А попрощавшись с Бай Юй-шанем, он подумал: «Доведись мне получить землю так близко, ни за что бы не стал менять…»

Телега подкатила к дому Чжао Юй-линя. Вся семья сидела за ужином. Сунь внес корзину с картошкой и объяснил, что старуха Тянь прислала это в подарок пастушку.

— Поужинай с нами, — пригласила хозяйка. — Со-чжу, принеси чашку и палочки.

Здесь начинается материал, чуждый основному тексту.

lemma sum_dt_same_coordinate:
  assumes dt_le_1: "\<And>k. dt T J k \<le> 1"
    and "finite A" "A \<noteq> {}" "\<And>m. m \<in> A \<Longrightarrow> J m = k"
  shows "(\<Sum>m\<in>A. dt T J m) \<le> 1 + T (Max A) - T (Min A)"
  using assms(2-4)
proof (induction A rule: finite_linorder_max_induct)
  case (insert b A)
  show ?case
  proof (cases "A = {}")
    case True
    then show ?thesis using dt_le_1 by simp
  next
    case False
    have max: "Max A \<in> A" "Max A < b" and "Min A < b" using False insert.hyps by auto
    have "dt T J b \<le> T b - T (Max A)"
      using max insert.prems(2) by (intro dt_le_gap) auto
    moreover have "(\<Sum>m\<in>A. dt T J m) \<le> 1 + T (Max A) - T (Min A)"
      using False insert by simp
    moreover have "Max (insert b A) = b" "Min (insert b A) = Min A"
      using False insert.hyps \<open>Min A < b\<close> by (auto intro: Max_insert2)
    moreover have "b \<notin> A" using insert.hyps by auto
    ultimately show ?thesis using insert.hyps by simp
  qed
qed simp

lemma recent_window:
  obtains lo where "lo \<le> q" "recent q = {lo..<q}" "\<And>m. lo \<le> m \<Longrightarrow> m < q \<Longrightarrow> J m \<noteq> J q"
    "\<And>t'. last_upd T J q (J q) < t' \<Longrightarrow> t' \<le> T q \<Longrightarrow> pt T p t' \<in> p ` {lo..q}"
    "\<And>t' i. last_upd T J q (J q) \<le> t' \<Longrightarrow> t' \<le> T q \<Longrightarrow> i \<noteq> J q
       \<Longrightarrow> pt T p t' $ i \<in> (\<lambda>r. p r $ i) ` {lo..q}"
proof (cases "\<exists>m<q. J m = J q")
  case True
  then obtain r0 where r0: "r0 < q" "J r0 = J q" "last_upd T J q (J q) = T r0"
    "\<And>m. r0 < m \<Longrightarrow> m < q \<Longrightarrow> J m \<noteq> J q"
    by (rule last_upd_obtain[of q J "J q" T]) blast+
  have after: "pt T p t' \<in> p ` {Suc r0..q}" if "T r0 < t'" "t' \<le> T q" for t'
    using pt_between_updates[OF that] .
  have at: "pt T p (T r0) $ i = p (Suc r0) $ i" if "i \<noteq> J q" for i
    using upd_other[of i r0] that r0(2) by (simp add: pt_at_update)
  show ?thesis
  proof (rule that[of "Suc r0"])
    show "recent q = {Suc r0..<q}" unfolding r0(3) by auto
    show "\<And>t' i. last_upd T J q (J q) \<le> t' \<Longrightarrow> t' \<le> T q \<Longrightarrow> i \<noteq> J q
       \<Longrightarrow> pt T p t' $ i \<in> (\<lambda>r. p r $ i) ` {Suc r0..q}"
      unfolding r0(3) using after at r0(1) by (fastforce simp: order_le_less)
  qed (use r0 after in auto)
next
  case False
  then have none: "last_upd T J q (J q) = 0" by (rule last_upd_none)
  show ?thesis
  proof (rule that[of 0])
    show "recent q = {0..<q}" using none T_positive by auto
    show "\<And>t' i. last_upd T J q (J q) \<le> t' \<Longrightarrow> t' \<le> T q \<Longrightarrow> i \<noteq> J q
       \<Longrightarrow> pt T p t' $ i \<in> (\<lambda>r. p r $ i) ` {0..q}"
      using pt_before_update[of _ q] by (fastforce simp: atLeast0AtMost)
  qed (use False pt_before_update[of _ q] in \<open>auto simp: atLeast0AtMost\<close>)
qed

text \<open>
  Update q restarts the integral and the Z-terms of coordinate J q and appends one Z-term to every
  other coordinate.
\<close>

lemma Phi_step_eq:
  "Phi \<phi> G Hs T J p \<gamma>bar \<xi> c1 c2 q (T q) - Phi \<phi> G Hs T J p \<gamma>bar \<xi> c1 c2 (Suc q) (T q) =
   \<phi> (p q) - \<phi> (p (Suc q))
   - c1 * integral {last_upd T J q (J q) .. T q} (\<lambda>t'. (G (pt T p t') $ J q)\<^sup>2 / \<gamma>bar (J q))
   + (\<Sum>m\<in>recent q. \<xi> m (J q) * Hbox Hs T p (J m) (J q) (T m) (T q) (p q $ J q)
        * (dp p J m)\<^sup>2 / dt T J m * (2 - c2 * (T q - T m)))
   - (\<Sum>i\<in>UNIV - {J q}. \<xi> q i * Hbox Hs T p (J q) i (T q) (next_upd T J i (T q)) (p q $ i)
        * (dp p J q)\<^sup>2 / dt T J q * (2 - c2 * (T q - T q)))"
proof -
  define I where "I c i = integral {last_upd T J c i .. T q} (\<lambda>t'. (G (pt T p t') $ i)\<^sup>2 / \<gamma>bar i)" for c i
  define Z where "Z c i = (\<Sum>m\<in>{m. m < c \<and> last_upd T J c i < T m}.
          \<xi> m i * Hbox Hs T p (J m) i (T m) (next_upd T J i (last_upd T J c i)) (p c $ i)
            * (dp p J m)\<^sup>2 / dt T J m * (2 - c2 * (T q - T m)))" for c i
  define W where "W i = \<xi> q i * Hbox Hs T p (J q) i (T q) (next_upd T J i (T q)) (p q $ i)
        * (dp p J q)\<^sup>2 / dt T J q * (2 - c2 * (T q - T q))" for i
  have I_new: "I (Suc q) (J q) = 0"
    unfolding I_def last_upd_Suc_same by simp
  have I_other: "I (Suc q) i = I q i" if "i \<noteq> J q" for i
    unfolding I_def using last_upd_Suc_other[where T=T and J=J and q=q, OF that] by simp
  have Z_new: "Z (Suc q) (J q) = 0"
  proof -
    have "{m. m < Suc q \<and> last_upd T J (Suc q) (J q) < T m} = {}"
      unfolding last_upd_Suc_same by auto
    then show ?thesis unfolding Z_def by (simp only: sum.empty)
  qed
  have Z_other: "Z (Suc q) i = Z q i + W i" if "i \<noteq> J q" for i
  proof -
    have "{m. m < Suc q \<and> last_upd T J q i < T m} = insert q {m. m < q \<and> last_upd T J q i < T m}"
      using last_upd_less[of q i] less_Suc_eq by auto
    moreover have "next_upd T J i (last_upd T J q i) = next_upd T J i (T q)"
      using next_upd_Suc_other[OF that] last_upd_Suc_other[where T=T and J=J and q=q, OF that] by simp
    ultimately show ?thesis
      unfolding Z_def W_def last_upd_Suc_other[where T=T and J=J and q=q, OF that] upd_other[OF that]
      by (simp add: sum.insert)
  qed
  have Z_old: "Z q (J q) = (\<Sum>m\<in>recent q. \<xi> m (J q) * Hbox Hs T p (J m) (J q) (T m) (T q) (p q $ J q)
        * (dp p J m)\<^sup>2 / dt T J m * (2 - c2 * (T q - T m)))"
    unfolding Z_def next_upd_last_upd ..
  have I_diff: "(\<Sum>i\<in>UNIV. I q i) - (\<Sum>i\<in>UNIV. I (Suc q) i) = I q (J q)"
    using sum_diff_split[of UNIV "J q" "I q" "I (Suc q)"] I_new I_other by (simp add: sum.neutral)
  have Z_diff: "(\<Sum>i\<in>UNIV. Z q i) - (\<Sum>i\<in>UNIV. Z (Suc q) i) = Z q (J q) - (\<Sum>i\<in>UNIV - {J q}. W i)"
    using sum_diff_split[of UNIV "J q" "Z q" "Z (Suc q)"] Z_new Z_other by (simp add: sum_negf)
  have "Phi \<phi> G Hs T J p \<gamma>bar \<xi> c1 c2 c (T q) = \<phi> (p c) - c1 * (\<Sum>i\<in>UNIV. I c i) + (\<Sum>i\<in>UNIV. Z c i)" for c
    unfolding Phi_def I_def Z_def ..
  then have "Phi \<phi> G Hs T J p \<gamma>bar \<xi> c1 c2 q (T q) - Phi \<phi> G Hs T J p \<gamma>bar \<xi> c1 c2 (Suc q) (T q)
     = \<phi> (p q) - \<phi> (p (Suc q)) - c1 * ((\<Sum>i\<in>UNIV. I q i) - (\<Sum>i\<in>UNIV. I (Suc q) i))
       + ((\<Sum>i\<in>UNIV. Z q i) - (\<Sum>i\<in>UNIV. Z (Suc q) i))"
    by (simp add: algebra_simps)
  then show ?thesis
    unfolding I_diff Z_diff Z_old by (simp add: I_def W_def)
qed

end

section \<open>Boxes and bounds on the Hessian\<close>

lemma closure_convex_hull_subset_interval:
  fixes S :: "real set"
  assumes "S \<subseteq> {a..b}"
  shows "closure (convex hull S) \<subseteq> {a..b}"
  by (rule closure_minimal[OF hull_minimal[OF assms]]) (auto simp: convex_real_interval)

lemma agd_box_convex: "convex (agd_box T p j t1 t2 s)"
proof (rule convexI)
  fix x y and u v :: real
  assume box: "x \<in> agd_box T p j t1 t2 s" "y \<in> agd_box T p j t1 t2 s"
    and uv: "0 \<le> u" "0 \<le> v" "u + v = 1"
  have "u *\<^sub>R x $ i + v *\<^sub>R y $ i \<in> closure (convex hull ((\<lambda>t'. pt T p t' $ i) ` {t1..t2}))"
    if "i \<noteq> j" for i
    using box uv that by (intro convexD[OF convex_closure[OF convex_convex_hull]]) (auto simp: agd_box_def)
  with box uv show "u *\<^sub>R x + v *\<^sub>R y \<in> agd_box T p j t1 t2 s"
    unfolding agd_box_def by (auto simp flip: distrib_right)
qed

lemma pt_nth_in_hull: "t' \<in> {t1..t2} \<Longrightarrow> pt T p t' $ i \<in> closure (convex hull ((\<lambda>t'. pt T p t' $ i) ` {t1..t2}))"
  by (rule subsetD[OF closure_subset], rule hull_inc) simp

lemma agd_box_nonempty: "t1 \<le> t2 \<Longrightarrow> (\<chi> i. if i = j then s else pt T p t2 $ i) \<in> agd_box T p j t1 t2 s"
  unfolding agd_box_def using pt_nth_in_hull[of t2 t1 t2] by auto

lemma agd_box_antimono:
  assumes "t1' \<le> t1"
  shows "agd_box T p j t1 t2 s \<subseteq> agd_box T p j t1' t2 s"
proof -
  have "closure (convex hull ((\<lambda>t'. pt T p t' $ i) ` {t1..t2}))
      \<subseteq> closure (convex hull ((\<lambda>t'. pt T p t' $ i) ` {t1'..t2}))" for i
    using assms by (intro closure_mono hull_mono image_mono) auto
  then show ?thesis unfolding agd_box_def by blast
qed

lemma Hsup_upper: "bdd_above ((\<lambda>x. \<bar>Hs x $ k $ l\<bar>) ` S) \<Longrightarrow> x \<in> S \<Longrightarrow> \<bar>Hs x $ k $ l\<bar> \<le> Hsup Hs k l S"
  unfolding Hsup_def by (rule cSUP_upper)

lemma Hsup_nonneg: "bdd_above ((\<lambda>x. \<bar>Hs x $ k $ l\<bar>) ` S) \<Longrightarrow> x \<in> S \<Longrightarrow> 0 \<le> Hsup Hs k l S"
  using Hsup_upper[of Hs k l S x] by linarith

lemma Hsup_mono:
  "bdd_above ((\<lambda>x. \<bar>Hs x $ k $ l\<bar>) ` S') \<Longrightarrow> S \<noteq> {} \<Longrightarrow> S \<subseteq> S' \<Longrightarrow> Hsup Hs k l S \<le> Hsup Hs k l S'"
  unfolding Hsup_def by (rule cSup_subset_mono) auto

lemma bdd_above_abs_hessian:
  fixes Hs :: "real^'n::finite \<Rightarrow> real^'n^'n"
  assumes "continuous_on UNIV Hs" "bounded S"
  shows "bdd_above ((\<lambda>x. \<bar>Hs x $ k $ l\<bar>) ` S)"
proof -
  have "compact (Hs ` closure S)"
    using assms by (intro compact_continuous_image continuous_on_subset[OF assms(1)]) auto
  then have "bounded (Hs ` closure S)" by (rule compact_imp_bounded)
  then obtain C where C: "\<forall>y\<in>Hs ` closure S. norm y \<le> C" unfolding bounded_iff ..
  have "\<bar>Hs x $ k $ l\<bar> \<le> C" if "x \<in> S" for x
  proof -
    have "\<bar>Hs x $ k $ l\<bar> \<le> norm (Hs x $ k)" by (rule component_le_norm_cart)
    also have "\<dots> \<le> norm (Hs x)" by (rule Finite_Cartesian_Product.norm_nth_le)
    also have "\<dots> \<le> C" using C closure_subset that by blast
    finally show ?thesis .
  qed
  then show ?thesis by (auto simp: bdd_above_def)
qed

context agd_schedule
begin

lemma agd_box_bounded: "bounded (agd_box T p j t1 (T n) s)"
proof -
  define B where "B = \<bar>s\<bar> + (\<Sum>i\<in>UNIV. \<Sum>r\<in>{..n}. \<bar>p r $ i\<bar>)"
  have p_le: "\<bar>p r $ i\<bar> \<le> B" if "r \<le> n" for r i
  proof -
    have "\<bar>p r $ i\<bar> \<le> (\<Sum>r\<in>{..n}. \<bar>p r $ i\<bar>)"
      using that by (intro member_le_sum) auto
    also have "\<dots> \<le> (\<Sum>i\<in>UNIV. \<Sum>r\<in>{..n}. \<bar>p r $ i\<bar>)"
      by (intro member_le_sum) (auto intro: sum_nonneg)
    finally show ?thesis unfolding B_def by simp
  qed
  have coord: "\<bar>x $ i\<bar> \<le> B" if x: "x \<in> agd_box T p j t1 (T n) s" for x i
  proof (cases "i = j")
    case True
    have "0 \<le> (\<Sum>i\<in>UNIV. \<Sum>r\<in>{..n}. \<bar>p r $ i\<bar>)" by (intro sum_nonneg) auto
    then show ?thesis using x True unfolding agd_box_def B_def by simp
  next
    case False
    have "pt T p t' $ i \<in> {-B..B}" if t': "t' \<le> T n" for t'
    proof -
      obtain r where "r \<le> n" "pt T p t' = p r" using pt_before_update[OF t'] by auto
      then show ?thesis using p_le[of r i] by (simp add: abs_le_iff)
    qed
    then have "(\<lambda>t'. pt T p t' $ i) ` {t1..T n} \<subseteq> {-B..B}" by auto
    then have "closure (convex hull ((\<lambda>t'. pt T p t' $ i) ` {t1..T n})) \<subseteq> {-B..B}"
      by (rule closure_convex_hull_subset_interval)
    moreover have "x $ i \<in> closure (convex hull ((\<lambda>t'. pt T p t' $ i) ` {t1..T n}))"
      using x False unfolding agd_box_def by blast
    ultimately have "x $ i \<in> {-B..B}" by blast
    then show ?thesis by (simp add: abs_le_iff)
  qed
  have "norm x \<le> CARD('n) * B" if "x \<in> agd_box T p j t1 (T n) s" for x
  proof -
    have "norm x \<le> (\<Sum>i\<in>UNIV. \<bar>x $ i\<bar>)" by (rule norm_le_l1_cart)
    also have "\<dots> \<le> (\<Sum>i\<in>(UNIV::'n set). B)" using coord[OF that] by (intro sum_mono)
    finally show ?thesis by simp
  qed
  then show ?thesis unfolding bounded_iff by blast
qed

— Спасибо, Со-чжу, не надо! — отказался возчик. Окинув взглядом стол, на котором находилась только капуста, стручки зеленого перца и жидкая кукурузная каша, он неодобрительно покачал головой:

— Непонятный ты для меня человек! Председатель, а хлебаешь жиденькую кашу, когда мог бы кушать пшеничные лепешки.

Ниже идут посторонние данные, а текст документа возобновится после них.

(* Let $(\Omega,\mathcal{F},\Pr)$ be a probability space and let $Y_i\colon\Omega\to\mathbb{R}$ and $W_i\colon\Omega\to\{0,1\}$, $i\ge 1$, be random variables. Define $X_i=(1-2W_i)Y_i$ and $S_n=\sum_{i=1}^n X_i$ for $n\ge 1$. Suppose that Assumption 1 holds, i.e. the experiment subjects generating the events are assigned to control or treatment uniformly at random with equal probability. Suppose also that the null hypothesis holds: (a) the families $\{Y_1,Y_2,\ldots\}$ and $\{W_1,W_2,\ldots\}$ are independent of each other, and (b) $\Pr\{W_i=1\}=0.5$ for all $i\ge 1$. Then for any $N\ge 1$ and any $k\in\{1,\ldots,N\}$, the conditional distribution of $S_N-S_k$ given $S_1,\ldots,S_k$ is symmetric around $0$.
   Context: Setting: a randomised experiment with a control group and a treatment group. Subjects (e.g. users) generate a stream of events (e.g. orders). For the $i$-th event, $Y_i$ is its outcome (e.g. order value) and $W_i$ is its assignment indicator ($W_i=0$ if the event was generated by a subject in the control group, $W_i=1$ if by a subject in the treatment group). Thus $S_n$ is the difference (control minus treatment) in the accumulated metric after $n$ events. The variables $Y_i$ may be dependent among themselves and need not be identically distributed; likewise the $W_i$ may be dependent among themselves (events of the same subject). Under Assumption 1 together with the null hypothesis, for every sign pattern of the assignments of any block of events, the pattern and its negation have equal probability. *)

theory Defs
  imports "HOL-Probability.Probability"
begin

definition Xev :: "(nat \<Rightarrow> 'a \<Rightarrow> real) \<Rightarrow> (nat \<Rightarrow> 'a \<Rightarrow> real) \<Rightarrow> nat \<Rightarrow> 'a \<Rightarrow> real" where
  "Xev Y W i \<omega> = (1 - 2 * W i \<omega>) * Y i \<omega>"

definition Ssum :: "(nat \<Rightarrow> 'a \<Rightarrow> real) \<Rightarrow> (nat \<Rightarrow> 'a \<Rightarrow> real) \<Rightarrow> nat \<Rightarrow> 'a \<Rightarrow> real" where
  "Ssum Y W n \<omega> = (\<Sum>i\<in>{1..n}. Xev Y W i \<omega>)"

text \<open>Assumption 1 (with the null hypothesis): for every n, every block of events {a..b}
  within {1..n} and every 0/1 pattern w of the assignments W_1..W_n, the pattern and the
  pattern negated on the block have equal probability.\<close>
definition assumption1 :: "'a measure \<Rightarrow> (nat \<Rightarrow> 'a \<Rightarrow> real) \<Rightarrow> bool" where
  "assumption1 M W \<longleftrightarrow>
     (\<forall>n a b (w::nat \<Rightarrow> real). 1 \<le> a \<and> b \<le> n \<and> (\<forall>i. w i \<in> {0,1}) \<longrightarrow>
        measure M {\<omega>\<in>space M. \<forall>i\<in>{1..n}. W i \<omega> = w i} =
        measure M {\<omega>\<in>space M. \<forall>i\<in>{1..n}. W i \<omega> = (if a \<le> i \<and> i \<le> b then 1 - w i else w i)})"

definition sigmaS :: "'a measure \<Rightarrow> (nat \<Rightarrow> 'a \<Rightarrow> real) \<Rightarrow> (nat \<Rightarrow> 'a \<Rightarrow> real) \<Rightarrow> nat \<Rightarrow> 'a measure" where
  "sigmaS M Y W k = vimage_algebra (space M) (\<lambda>\<omega>. \<lambda>i\<in>{1..k}. Ssum Y W i \<omega>) (PiM {1..k} (\<lambda>_. borel))"

end

theory Submission
  imports Defs
begin

text \<open>Flip the assignments of all events after the k-th, \<open>W\<^sub>i \<mapsto> 1 - W\<^sub>i\<close> for \<open>i > k\<close>. This
  leaves \<open>S\<^sub>1, \<dots>, S\<^sub>k\<close> unchanged and negates \<open>S\<^sub>N - S\<^sub>k\<close>. By Assumption 1 the flip preserves
  the law of \<open>(W\<^sub>1, \<dots>, W\<^sub>N)\<close>, and since the outcomes are independent of the assignments it
  also preserves the joint law of \<open>(Y\<^sub>1, \<dots>, Y\<^sub>N, W\<^sub>1, \<dots>, W\<^sub>N)\<close>. Hence
  \<open>(S\<^sub>1, \<dots>, S\<^sub>k, S\<^sub>N - S\<^sub>k)\<close> and \<open>(S\<^sub>1, \<dots>, S\<^sub>k, -(S\<^sub>N - S\<^sub>k))\<close> have the same law, which means
  that \<open>S\<^sub>N - S\<^sub>k\<close> and its negation have the same conditional law given \<open>S\<^sub>1, \<dots>, S\<^sub>k\<close>.\<close>

lemma distr_eq_of_finite_values:
  assumes X: "X \<in> measurable M N" and Z: "Z \<in> measurable M N"
    and S: "finite S" "X ` space M \<subseteq> S" "Z ` space M \<subseteq> S" "\<And>s. s \<in> S \<Longrightarrow> {s} \<in> sets N"
    and eq: "\<And>s. s \<in> S \<Longrightarrow>
      emeasure M {\<omega>\<in>space M. X \<omega> = s} = emeasure M {\<omega>\<in>space M. Z \<omega> = s}"
  shows "distr M N X = distr M N Z"
proof -
  have sum: "emeasure M (U -` A \<inter> space M) = (\<Sum>s\<in>A \<inter> S. emeasure M {\<omega>\<in>space M. U \<omega> = s})"
    if U: "U \<in> measurable M N" "U ` space M \<subseteq> S" for U A
  proof -
    have "U -` A \<inter> space M = (\<Union>s\<in>A \<inter> S. {\<omega>\<in>space M. U \<omega> = s})"
      using U(2) by auto
    moreover have "{\<omega>\<in>space M. U \<omega> = s} \<in> sets M" if "s \<in> S" for s
      using measurable_sets[OF U(1) S(4)[OF that]] by (simp add: vimage_def Int_def conj_commute)
    ultimately show ?thesis
      using S(1) by (auto intro!: sum_emeasure[symmetric] simp: disjoint_family_on_def)
  qed
  show ?thesis
    using X Z S(2,3) by (intro measure_eqI) (simp_all add: emeasure_distr sum eq)
qed

lemma (in prob_space) real_cond_exp_indicator_eq_of_distr_pair_eq:
  assumes V: "V \<in> measurable M Q" and Z: "Z \<in> measurable M T" and Z': "Z' \<in> measurable M T"
    and law: "distr M (Q \<Otimes>\<^sub>M T) (\<lambda>\<omega>. (V \<omega>, Z \<omega>)) = distr M (Q \<Otimes>\<^sub>M T) (\<lambda>\<omega>. (V \<omega>, Z' \<omega>))"
    and B: "B \<in> sets T"
  shows "AE \<omega> in M.
    real_cond_exp M (vimage_algebra (space M) V Q) (indicator {\<omega>\<in>space M. Z \<omega> \<in> B}) \<omega> =
    real_cond_exp M (vimage_algebra (space M) V Q) (indicator {\<omega>\<in>space M. Z' \<omega> \<in> B}) \<omega>"
proof -
  let ?F = "vimage_algebra (space M) V Q"
  have "subalgebra M ?F"
    using sets_image_in_sets[OF refl V] by (simp add: subalgebra_def)
  then interpret finite_measure_subalgebra M ?F
    by unfold_locales
  have set_integral: "(\<integral>\<omega>\<in>V -` C \<inter> space M. indicator {\<omega>\<in>space M. U \<omega> \<in> B} \<omega> \<partial>M) =
      measure (distr M (Q \<Otimes>\<^sub>M T) (\<lambda>\<omega>. (V \<omega>, U \<omega>))) (C \<times> B)"
    if U: "U \<in> measurable M T" and C: "C \<in> sets Q" for U C
  proof -
    have "(\<lambda>\<omega>. (V \<omega>, U \<omega>)) -` (C \<times> B) \<inter> space M = (V -` C \<inter> space M) \<inter> {\<omega>\<in>space M. U \<omega> \<in> B}"
      by auto
    then show ?thesis
      using V U B C
      by (simp add: measure_distr set_lebesgue_integral_def indicator_inter_arith[symmetric] Int_absorb1)
  qed
  have int: "integrable M (indicator {\<omega>\<in>space M. U \<omega> \<in> B} :: 'a \<Rightarrow> real)"
    if "U \<in> measurable M T" for U
    using that B by (intro integrable_real_indicator) (auto simp: emeasure_eq_measure)
  show ?thesis
  proof (rule real_cond_exp_charact)
    fix A assume A: "A \<in> sets ?F"
    then obtain C where "C \<in> sets Q" "A = V -` C \<inter> space M"
      using V by (auto simp: sets_vimage_algebra2 measurable_def)
    then have "(\<integral>\<omega>\<in>A. indicator {\<omega>\<in>space M. Z \<omega> \<in> B} \<omega> \<partial>M) =
        (\<integral>\<omega>\<in>A. (indicator {\<omega>\<in>space M. Z' \<omega> \<in> B} \<omega> :: real) \<partial>M)"
      using set_integral[OF Z] set_integral[OF Z'] law by simp
    also have "\<dots> = (\<integral>\<omega>\<in>A. real_cond_exp M ?F (indicator {\<omega>\<in>space M. Z' \<omega> \<in> B}) \<omega> \<partial>M)"
      by (rule real_cond_exp_intA[OF int[OF Z'] A])
    finally show "(\<integral>\<omega>\<in>A. indicator {\<omega>\<in>space M. Z \<omega> \<in> B} \<omega> \<partial>M) =
        (\<integral>\<omega>\<in>A. real_cond_exp M ?F (indicator {\<omega>\<in>space M. Z' \<omega> \<in> B}) \<omega> \<partial>M)" .
  qed (use int[OF Z] int[OF Z'] in auto)
qed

— Что слышно в деревне? — пропустив мимо ушей замечание возчика, спросил Чжао Юй-линь. — Довольны бедняки? Как думаешь, розданной одежды хватит людям на зиму?

— Бедняки только тем недовольны, что председатель самого себя обидел. Все меня спрашивают: разве председатель Чжао не бедняк? Почему же ему ничего не дали? Я им, конечно, объяснил, что раньше председатель Чжао, подобно всем нам, был гол, как сокол, и звали его не председателем, а голодран… — даже и повторять неудобно, — а теперь, когда все мы людьми стали, председатель Чжао среди нас большим начальником сделался, а большой начальник для людей работает. Кто о других заботится, тот самого себя обязательно обижает. А по совести говоря, такая ситуация больше всех меня расстраивает! Предполагаю я, что иностранные капиталисты с империалистами над деревней Юаньмаотунь очень смеются. И такая их, можно сказать, идеология определенно свою базу имеет. Что это за деревня, которая одного председателя прокормить не может!

— Ай ты, старый враль! — добродушно расхохотался Чжао Юй-линь, старательно обмакивая в сою капустный лист. — Чего же ты меня срамишь? Гляди, вся семья у нас теперь приоделась. — Он указал на себя, жену, Со-чжу и пастушка. На всех были потрепанные ситцевые рубашки, полученные Чжао Юй-линем в третью очередь из помещичьего старья.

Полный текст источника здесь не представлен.